Sanday Chongo Kabange, AfricaNews reporter in Lusaka, Zambia Photo: klaartje Jaspers
Zambia has been placed under health alert following the outbreak of cholera in Zimbabwe. The country has with immediate effect sealed off its borderline with Zimbabwe following a cholera outbreak that has killed close to 500 people in that country. Cholera is endemic in the Southern African state.

Zambia’s Deputy Minister for Health Mwendoi Akakandelwa said the cholera outbreak in the troubled Southern African state has spilled over into Zambia after a Zimbabwean national died at the resort border town of Siavonga, about 600 kilometers south of the capital city Lusaka.
Zambia has in the recent past recorded a significant number of cholera cases in selected parts of the country and mostly those that border Zimbabwe.
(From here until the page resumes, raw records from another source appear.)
(* Let $g^{ij}(u)=\sum_{s,k}\frac{1-\delta^{sk}}{p_sp_k}\frac{\partial u_i}{\partial p_s}\frac{\partial u_j}{\partial p_k}$, viewed as a polynomial in $u_1,\dots,u_n$. The Lie derivative of this intersection form with respect to the vector field $\frac{\partial}{\partial u_{n-1}}$ is given by $$\eta^{ij}(u)=\frac{\partial g^{ij}}{\partial u_{n-1}}(u)=4(2n-i-j)\,u_{i+j-n-1},\qquad i,j=1,\dots,n.$$ Hence $\eta^{ij}(u)$ is a non-degenerate Hankel matrix with all entries above the anti-diagonal vanishing; in particular the anti-diagonal entries are $\eta^{i,n-i+1}(u)=4(n-1)$.
   Context: $n\ge2$. $u_k=\sum_{1\le i_1<\dots<i_k\le n}p_{i_1}^2\cdots p_{i_k}^2$ for $k=1,\dots,n$; conventions $u_0=1$ and $u_k=0$ for $k<0$ and $k>n$. "Above the anti-diagonal" means entries with $i+j<n+1$. *)

theory Defs
  imports Complex_Main "Jordan_Normal_Form.Determinant"
begin

(* u_k = e_k(p_1^2,...,p_n^2); automatically u_0 = 1 and u_k = 0 for k > n *)
definition usym :: "nat \<Rightarrow> (nat \<Rightarrow> real) \<Rightarrow> nat \<Rightarrow> real" where
  "usym n p k = (\<Sum>S | S \<subseteq> {1..n} \<and> card S = k. \<Prod>i\<in>S. (p i)^2)"

definition dudp :: "nat \<Rightarrow> nat \<Rightarrow> nat \<Rightarrow> (nat \<Rightarrow> real) \<Rightarrow> real" where
  "dudp n i s p = (THE D. ((\<lambda>t. usym n (p(s := t)) i) has_real_derivative D) (at (p s)))"

definition gform :: "nat \<Rightarrow> nat \<Rightarrow> nat \<Rightarrow> (nat \<Rightarrow> real) \<Rightarrow> real" where
  "gform n i j p = (\<Sum>s\<in>{1..n}. \<Sum>k\<in>{1..n}.
      (if s = k then 0 else 1) / (p s * p k) * dudp n i s p * dudp n j k p)"

inductive mpoly_fun :: "nat \<Rightarrow> ((nat \<Rightarrow> real) \<Rightarrow> real) \<Rightarrow> bool" for n where
  const: "mpoly_fun n (\<lambda>u. c)"
| var: "1 \<le> k \<Longrightarrow> k \<le> n \<Longrightarrow> mpoly_fun n (\<lambda>u. u k)"
| add: "mpoly_fun n f \<Longrightarrow> mpoly_fun n g \<Longrightarrow> mpoly_fun n (\<lambda>u. f u + g u)"
| mult: "mpoly_fun n f \<Longrightarrow> mpoly_fun n g \<Longrightarrow> mpoly_fun n (\<lambda>u. f u * g u)"

definition ucv :: "nat \<Rightarrow> (nat \<Rightarrow> real) \<Rightarrow> int \<Rightarrow> real" where
  "ucv n u k = (if k = 0 then 1 else if 1 \<le> k \<and> k \<le> int n then u (nat k) else 0)"

definition eta :: "nat \<Rightarrow> (nat \<Rightarrow> real) \<Rightarrow> nat \<Rightarrow> nat \<Rightarrow> real" where
  "eta n u i j = 4 * (2 * real n - real i - real j) * ucv n u (int i + int j - int n - 1)"

end

(*
  Write x_s = p_s^2, so that u_k = e_k(x), and let e_k(x without s) denote the elementary
  symmetric functions of the remaining variables. Since du_(a+1)/dp_s = 2 p_s e_a(x without s),
  the weights 1/(p_s p_k) cancel and g^(a+1,b+1) = 4 * sum over s /= k of
  e_a(x without s) e_b(x without k). The full double sum factors, because the sum over s of
  e_a(x without s) is (n-a) e_a. The diagonal part is handled with e_(c+1) =
  e_(c+1)(x without s) + x_s e_c(x without s): this lets the indices (a, b+1) be traded for
  (a+1, b), and telescoping expresses it as (n-a) e_a e_b + sum_(l=1..b) (b-a-2l) e_(a+l) e_(b-l).
  Hence g is an explicit quadratic polynomial in u. In it u_(n-1) occurs only through the terms
  with a = n-1 or a + l = n-1, and differentiating gives eta.

  The polynomial representing g is unique: two candidates agree on the image of p -> u, and on
  every line through the point u(p) with p_s = sqrt s this image contains a punctured
  neighbourhood of that point, because a small perturbation of the coefficients of
  prod_s (y - s) keeps n simple positive roots, located by the intermediate value theorem
  between consecutive half-integers. Finally eta vanishes above the anti-diagonal and
  equals 4(n-1) on it, so reversing its rows gives a triangular matrix with nonzero diagonal.
*)
theory Submission
  imports Defs
begin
Akakandelwa said following the death of a Zimbabwean as a result of cholera in Zambia, the Zambian government has quarantined a mother and a child and that health experts have been dispatched to all the areas that border Zambia and Zimbabwe.
He told reporters in Lusaka, “all health institutions through out the country have been put on cholera alert and as at December 3, over 1000 cases with eight deaths have been recorded”.
He has however ruled out any immediate plans of completely shutting down the Zambia-Zimbabwe borders.
Meanwhile, the World Health Organisation in Zambia has given the ministries of health and local government motor vehicles for anti-cholera surveillance activities.
World Health Organisation country representative in Zambia Olusegun Babanyi said the United Nations will continue to provide technical support to Zambia whenever there are disease outbreaks such as cholera.